EP: Joziléia, fale-nos como é que se dá a relação, por exemplo, entre os conhecimentos próprios de cada povo – Kaingang, no teu caso, e os demais – e esse conhecimento da escola. Como vocês vem lidando com isso? Como se dá essa relação, hoje, entre os conhecimentos tradicionais e os conhecimentos escolares? Como vocês tem conseguido inserir os conhecimentos de vocês dentro da escola?

JDK: Me lembro, desde muito cedo… os Kaingang têm uma facilidade muito grande com a oralidade. Nós somos povos orais. Quando eu era criança ouvia os relatos, os contos da minha mãe, das minhas tias – que são, por nós, por mynh si (mãe pequeninha), que são nossas mães também –, ouvia os relatos delas de como acontecia o ingresso na escola. A violência a que eram submetidos! A Funai – na época SPI – obrigava os pais a mandarem os filhos para as escolas, e quem lecionava nessas escolas, normalmente, era a esposa do chefe de posto. Eles aplicavam castigos severos às crianças indígenas quando elas falavam na língua; não podia falar na língua! Tinha uma série de coisas que eram obrigadas a fazer, como limpar a escola; às vezes, limpar o quintal da casa do chefe do posto. E eram crianças de sete, oito anos, e que apanhavam de todos os professores. Essa violência, hoje, não existe mais. Isso é muito interessante.

Como foi se construindo, então, com essa cara mais indígena? A partir do momento que os primeiros monitores bilíngues foram formados – eles não eram chamados de professores, eram chamados de monitores bilíngues –, eles foram vindo para a escola para fazer a alfabetização nas línguas. Isso no contexto dos Kaingang. Alfabetizando nas línguas, eles facilitariam a alfabetização na língua portuguesa, e isso era uma violência! E isso também ia levar a ter um produto, no final, que é um pouco do que a gente vê de pessoas que não se encontravam, não sabiam o que é melhor: se é melhor você ser indígena, se é melhor não ser indígena. Isso gerou muito conflito em algumas gerações.
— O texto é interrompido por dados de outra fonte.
text \<open>Combinatorial data of a web: edge set E, vertex set V, tail/head maps,
  and for each vertex the ordered triple (a,b,c) of incident edges in the order
  (given by the planar embedding) used in the Wirtinger-type relation x_a x_b x_c = e.\<close>
definition web :: "'e set \<Rightarrow> 'v set \<Rightarrow> ('e \<Rightarrow> 'v) \<Rightarrow> ('e \<Rightarrow> 'v) \<Rightarrow> ('v \<Rightarrow> 'e \<times> 'e \<times> 'e) \<Rightarrow> bool" where
  "web E V src tgt tri \<longleftrightarrow> finite E \<and> finite V \<and>
     (\<forall>e\<in>E. src e \<in> V \<and> tgt e \<in> V \<and> src e \<noteq> tgt e) \<and>
     (\<forall>v\<in>V. case tri v of (a, b, c) \<Rightarrow>
        a \<noteq> b \<and> b \<noteq> c \<and> a \<noteq> c \<and>
        {e\<in>E. src e = v \<or> tgt e = v} = {a, b, c} \<and>
        ((src a = v \<and> src b = v \<and> src c = v) \<or> (tgt a = v \<and> tgt b = v \<and> tgt c = v)))"

text \<open>Homomorphisms pi_1(S^3 - Gamma) -> SU(3) with every meridian of trace -1,
  identified (via the presentation) with their values on the meridian generators.\<close>
definition trace_minus_one_reps ::
  "'e set \<Rightarrow> 'v set \<Rightarrow> ('v \<Rightarrow> 'e \<times> 'e \<times> 'e) \<Rightarrow> ('e \<Rightarrow> cmat3) set" where
  "trace_minus_one_reps E V tri =
     {r \<in> E \<rightarrow>\<^sub>E SU3. (\<forall>e\<in>E. mtrace (r e) = -1) \<and>
        (\<forall>v\<in>V. case tri v of (a, b, c) \<Rightarrow> r a ** r b ** r c = mat 1)}"

definition orth_line_assignments ::
  "'e set \<Rightarrow> 'v set \<Rightarrow> ('v \<Rightarrow> 'e \<times> 'e \<times> 'e) \<Rightarrow> ('e \<Rightarrow> cvec3 set) set" where
  "orth_line_assignments E V tri =
     {L \<in> E \<rightarrow>\<^sub>E Collect complex_line.
        \<forall>v\<in>V. case tri v of (a, b, c) \<Rightarrow>
          herm_orth (L a) (L b) \<and> herm_orth (L b) (L c) \<and> herm_orth (L a) (L c)}"

end

theory Submission
  imports Defs
begin

text \<open>A matrix \<open>A \<in> SU(3)\<close> with \<open>tr A = -1\<close> fixes a unit vector \<open>u\<close>: expanding the
  characteristic polynomial at 1 gives \<open>det (A - 1) = tr A - tr A\<^sup>* = 0\<close>, the adjugate of \<open>A\<close>
  being \<open>A\<^sup>*\<close>. Its Frobenius distance to the reflection \<open>R\<^sub>u = 2uu\<^sup>* - 1\<close> is then zero, so the
  trace \<open>-1\<close> elements of \<open>SU(3)\<close> are exactly the \<open>R\<^sub>u\<close>, determined by their
  \<open>+1\<close>-eigenline \<open>\<complex>u\<close>. For unit vectors, \<open>R\<^sub>a R\<^sub>b R\<^sub>c = 1\<close> iff \<open>a, b, c\<close> are mutually
  orthogonal: if so, \<open>aa\<^sup>* + bb\<^sup>* + cc\<^sup>* = 1\<close> gives \<open>R\<^sub>a R\<^sub>b = R\<^sub>c\<close>; conversely the relation
  yields \<open>R\<^sub>a R\<^sub>b = R\<^sub>c\<close>, and comparing traces, \<open>4|\<langle>a,b\<rangle>|\<^sup>2 - 1 = -1\<close>. Hence taking
  eigenlines edge by edge is a bijection that matches the vertex relations with the
  orthogonality conditions.\<close>

lemma matrix_mult_3_nth:
  "((A::'a::comm_ring_1^3^3) ** B) $ i $ j = A$i$1 * B$1$j + A$i$2 * B$2$j + A$i$3 * B$3$j"
  by (simp add: matrix_matrix_mult_def sum_3)

lemma hinner_3: "hinner u v = u$1 * cnj (v$1) + u$2 * cnj (v$2) + u$3 * cnj (v$3)"
  by (simp add: hinner_def sum_3)

lemma cnj_hinner: "cnj (hinner u v) = hinner v u"
  by (simp add: hinner_3 algebra_simps)

lemma hinner_eq_0_commute: "hinner u v = 0 \<longleftrightarrow> hinner v u = 0"
  by (metis cnj_hinner complex_cnj_zero)

lemma hinner_scale: "hinner (c *s u) (d *s v) = c * cnj d * hinner u v"
  by (simp add: hinner_3 algebra_simps)

lemma norm_vec_power2: "(norm x)\<^sup>2 = (\<Sum>i\<in>UNIV. (norm (x $ i))\<^sup>2)"
  by (simp add: norm_vec_def L2_set_def sum_nonneg)

lemma hinner_self: "hinner v v = of_real ((norm v)\<^sup>2)"
  unfolding hinner_def norm_vec_power2 of_real_sum by (simp only: complex_norm_square)

lemma hinner_self_eq_1_nonzero: "hinner u u = 1 \<Longrightarrow> u \<noteq> 0"
  by (auto simp: hinner_def)

lemma normalize_vector:
  assumes "v \<noteq> 0"
  obtains t where "t \<noteq> 0" "hinner (t *s v) (t *s v) = 1"
proof
  define t where "t = complex_of_real (1 / norm v)"
  show "t \<noteq> 0" using assms by (simp add: t_def)
  have "hinner (t *s v) (t *s v) = t * cnj t * hinner v v"
    by (rule hinner_scale)
  also have "\<dots> = of_real ((1 / norm v)\<^sup>2 * (norm v)\<^sup>2)"
    by (simp only: hinner_self t_def complex_cnj_complex_of_real of_real_mult power2_eq_square)
  also have "\<dots> = 1" using assms by (simp add: field_simps)
  finally show "hinner (t *s v) (t *s v) = 1" .
qed

definition frobenius :: "cmat3 \<Rightarrow> cmat3 \<Rightarrow> complex" where
  "frobenius A B = (\<Sum>i\<in>UNIV. hinner (A $ i) (B $ i))"

lemma frobenius_self: "frobenius A A = of_real ((norm A)\<^sup>2)"
  by (simp add: frobenius_def hinner_self norm_vec_power2)

lemma frobenius_self_eq_0_iff: "frobenius A A = 0 \<longleftrightarrow> A = 0"
  by (simp add: frobenius_self)

lemma cnj_frobenius: "cnj (frobenius A B) = frobenius B A"
  by (simp add: frobenius_def cnj_hinner)

lemma frobenius_diff_self:
  "frobenius (A - B) (A - B) = frobenius A A - frobenius A B - frobenius B A + frobenius B B"
  by (simp add: frobenius_def hinner_def sum_subtractf sum.distrib algebra_simps)

lemma frobenius_eq_mtrace: "frobenius A B = mtrace (A ** cadjoint B)"
  by (simp add: frobenius_def hinner_def mtrace_def matrix_matrix_mult_def cadjoint_def)

lemma eigenvector1_exists:
  fixes A :: "'a::field^'n^'n"
  assumes "det (A - mat 1) = 0"
  obtains v where "v \<noteq> 0" "A *v v = v"
proof -
  have "\<not> invertible (A - mat 1)" using assms by (simp add: invertible_det_nz)
  then obtain v where "v \<noteq> 0" "(A - mat 1) *v v = 0"
    by (metis invertible_left_inverse matrix_left_invertible_ker)
  then show thesis using that by (simp add: matrix_vector_mult_diff_rdistrib)
qed

lemma matrix_mult_cadjoint_nth: "(A ** cadjoint B) $ i $ k = hinner (A $ i) (B $ k)"
  by (simp add: matrix_matrix_mult_def cadjoint_def hinner_def)

lemma mtrace_mat_1: "mtrace (mat 1) = 3"
  by (simp add: mtrace_def mat_def)

definition adjugate3 :: "cmat3 \<Rightarrow> cmat3" where
  "adjugate3 A = (\<chi> i j.
     if i = 1 \<and> j = 1 then A$2$2 * A$3$3 - A$2$3 * A$3$2
     else if i = 1 \<and> j = 2 then A$1$3 * A$3$2 - A$1$2 * A$3$3
     else if i = 1 \<and> j = 3 then A$1$2 * A$2$3 - A$1$3 * A$2$2
     else if i = 2 \<and> j = 1 then A$2$3 * A$3$1 - A$2$1 * A$3$3
     else if i = 2 \<and> j = 2 then A$1$1 * A$3$3 - A$1$3 * A$3$1
     else if i = 2 \<and> j = 3 then A$1$3 * A$2$1 - A$1$1 * A$2$3
     else if i = 3 \<and> j = 1 then A$2$1 * A$3$2 - A$2$2 * A$3$1
     else if i = 3 \<and> j = 2 then A$1$2 * A$3$1 - A$1$1 * A$3$2
     else A$1$1 * A$2$2 - A$1$2 * A$2$1)"

lemma adjugate3_mult: "adjugate3 A ** A = mat (det A)"
  unfolding vec_eq_iff forall_3 matrix_mult_3_nth det_3
  by (simp add: adjugate3_def mat_def algebra_simps)

lemma SU3_adjugate3: "A \<in> SU3 \<Longrightarrow> adjugate3 A = cadjoint A"
  by (metis (mono_tags, lifting) SU3_def adjugate3_mult matrix_mul_assoc matrix_mul_lid
      matrix_mul_rid mem_Collect_eq)

lemma SU3_trace_minus_one_det:
  assumes "A \<in> SU3" "mtrace A = -1"
  shows "det (A - mat 1) = 0"
proof -
  have det: "det A = 1" using assms(1) by (simp add: SU3_def)
  have tr: "A$1$1 + A$2$2 + A$3$3 = -1" using assms(2) by (simp add: mtrace_def sum_3)
  have "mtrace (adjugate3 A) = cnj (mtrace A)"
    by (simp add: SU3_adjugate3[OF assms(1)] mtrace_def cadjoint_def)
  then have "mtrace (adjugate3 A) = -1" using assms(2) by simp
  then have "adjugate3 A $1$1 + adjugate3 A $2$2 + adjugate3 A $3$3 = -1"
    by (simp add: mtrace_def sum_3)
  then have "A$2$2 * A$3$3 - A$2$3 * A$3$2 + (A$1$1 * A$3$3 - A$1$3 * A$3$1)
      + (A$1$1 * A$2$2 - A$1$2 * A$2$1) = -1"
    by (simp add: adjugate3_def)
  with tr det show ?thesis
    unfolding det_3 by (simp add: mat_def algebra_simps)
qed

text \<open>For a unit vector \<open>u\<close> this is \<open>2uu\<^sup>* - 1\<close>: the identity on the line through \<open>u\<close>
  and \<open>-1\<close> on its orthogonal complement.\<close>
definition line_reflection :: "cvec3 \<Rightarrow> cmat3" where
  "line_reflection u = (\<chi> i j. 2 * u$i * cnj (u$j) - (if i = j then 1 else 0))"

lemma line_reflection_nth:
  "line_reflection u $ i $ j = 2 * u$i * cnj (u$j) - (if i = j then 1 else 0)"
  by (simp add: line_reflection_def)

lemma line_reflection_mult:
  "line_reflection u ** line_reflection w = (\<chi> i j. 4 * hinner w u * u$i * cnj (w$j)
     - 2 * u$i * cnj (u$j) - 2 * w$i * cnj (w$j) + (if i = j then 1 else 0))"
  unfolding vec_eq_iff forall_3 matrix_mult_3_nth line_reflection_nth hinner_3
  by (simp add: algebra_simps)

lemma line_reflection_involution:
  "hinner u u = 1 \<Longrightarrow> line_reflection u ** line_reflection u = mat 1"
  unfolding line_reflection_mult by (simp add: vec_eq_iff mat_def)

lemma cadjoint_line_reflection: "cadjoint (line_reflection u) = line_reflection u"
  by (simp add: vec_eq_iff cadjoint_def line_reflection_nth)

lemma det_line_reflection: "det (line_reflection u) = 2 * hinner u u - 1"
  unfolding det_3 line_reflection_nth hinner_3 by (simp add: algebra_simps)

lemma mtrace_line_reflection: "mtrace (line_reflection u) = 2 * hinner u u - 3"
  unfolding mtrace_def sum_3 line_reflection_nth hinner_3 by (simp add: algebra_simps)

lemma line_reflection_SU3:
  assumes "hinner u u = 1"
  shows "line_reflection u \<in> SU3" "mtrace (line_reflection u) = -1"
  using assms line_reflection_involution[OF assms]
  by (auto simp: SU3_def cadjoint_line_reflection det_line_reflection mtrace_line_reflection)

lemma mtrace_line_reflection_mult:
  assumes "hinner u u = 1" "hinner w w = 1"
  shows "mtrace (line_reflection u ** line_reflection w) = 4 * hinner w u * cnj (hinner w u) - 1"
proof -
  have "mtrace (line_reflection u ** line_reflection w)
      = 4 * hinner w u * hinner u w - 2 * hinner u u - 2 * hinner w w + 3"
    unfolding line_reflection_mult mtrace_def sum_3 hinner_3 by (simp add: algebra_simps)
  then show ?thesis using assms cnj_hinner[of w u] by simp
qed

lemma line_reflection_mult_vec: "(line_reflection u *v x) $ i = 2 * hinner x u * u$i - x$i"
  unfolding matrix_vector_mult_def hinner_3 line_reflection_nth
  using exhaust_3[of i] by (auto simp: sum_3 algebra_simps)

lemma frobenius_line_reflection: "frobenius A (line_reflection u) = 2 * hinner (A *v u) u - mtrace A"
  unfolding frobenius_def hinner_3 sum_3 line_reflection_nth matrix_vector_mult_def mtrace_def
  by (simp add: algebra_simps)

text \<open>The squared Frobenius distance from \<open>A\<close> to the reflection is \<open>3 - 3 - 3 + 3\<close>.\<close>
lemma unitary_fixing_unit_vector_eq_line_reflection:
  assumes unitary: "A ** cadjoint A = mat 1" and tr: "mtrace A = -1"
    and unit: "hinner u u = 1" and fixed: "A *v u = u"
  shows "A = line_reflection u"
proof -
  let ?R = "line_reflection u"
  have AA: "frobenius A A = 3" by (simp add: frobenius_eq_mtrace unitary mtrace_mat_1)
  have RR: "frobenius ?R ?R = 3"
    by (simp add: frobenius_eq_mtrace cadjoint_line_reflection line_reflection_involution[OF unit]
        mtrace_mat_1)
  have AR: "frobenius A ?R = 3" by (simp add: frobenius_line_reflection fixed unit tr)
  then have RA: "frobenius ?R A = 3" by (metis cnj_frobenius complex_cnj_numeral)
  have "frobenius (A - ?R) (A - ?R) = 0"
    by (simp add: frobenius_diff_self AA RR AR RA)
  then show ?thesis by (simp add: frobenius_self_eq_0_iff)
qed

definition line_through :: "cvec3 \<Rightarrow> cvec3 set" where
  "line_through u = {c *s u | c. True}"

lemma mem_line_through: "x \<in> line_through u \<longleftrightarrow> (\<exists>c. x = c *s u)"
  by (simp add: line_through_def)

lemma complex_line_iff_line_through: "complex_line L \<longleftrightarrow> (\<exists>v. v \<noteq> 0 \<and> L = line_through v)"
  by (simp add: complex_line_def line_through_def)

lemma SU3_trace_minus_one_eq:
  "{A \<in> SU3. mtrace A = -1} = line_reflection ` {u. hinner u u = 1}"
proof (intro subset_antisym subsetI)
  fix A assume A: "A \<in> {A \<in> SU3. mtrace A = -1}"
  obtain v where v: "v \<noteq> 0" "A *v v = v"
    using eigenvector1_exists SU3_trace_minus_one_det A by auto
  obtain t where t: "t \<noteq> 0" "hinner (t *s v) (t *s v) = 1"
    using normalize_vector[OF v(1)] by blast
  have "A *v (t *s v) = t *s v"
    by (simp add: vector_scalar_commute v(2))
  then have "A = line_reflection (t *s v)"
    using A t(2) by (intro unitary_fixing_unit_vector_eq_line_reflection) (auto simp: SU3_def)
  then show "A \<in> line_reflection ` {u. hinner u u = 1}" using t(2) by blast
qed (use line_reflection_SU3 in auto)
A escola foi ganhando, com os monitores bilíngues – embora tenha sido um enfrentamento muito difícil, porque, na época, as escolas eram escolas federais, então, as ordens vinham muito de cima para baixo. Eles não tinham direito a nada. Por exemplo: mandavam, para a escola indígena, latas de leite em pó. Nós não tomávamos leite, nem em pó! Então o leite em pó estragava. Almôndega! Os Kaingang não comem carne de gado, assim, seguidamente! Temos uma preferência por carne de porco, de frango, mas principalmente de porco. Me lembro disso quando era criança, de ver as latas de almôndega. E isso foi mudando. Hoje, na escola indígena as merendeiras podem fazer comida tradicional. Época de caraguatá, por exemplo, que é uma comida, elas fazem; época de fuá, elas fazem com as crianças. Envolve. Tem algumas coisas que foram se modificando, e para o bem. Assim como ter professor indígena em sala de aula é uma forma de valorizar o ser Kaingang, o ser indígena, porque você mostra para a criança, principalmente para o adolescente, que está em uma fase de não entender muito os conflitos que tem a adolescência – porque não tínhamos isso, passávamos de criança para adulto; agora existe essa fase de adolescente. E também nós, comunidade, indígenas, temos que aprender a lidar com essa fase que veio com a cultura do não indígena, do mundo, enfim. Hoje falamos de adolescência também. E é mostrar para eles que, bom, você pode ser indígena e você pode ser professor, enfermeiro, médico… pode ser astronauta, se quiser, sem deixar de ser indígena! E é esse valorizar, mesmo, o professor indígena que está lá dentro.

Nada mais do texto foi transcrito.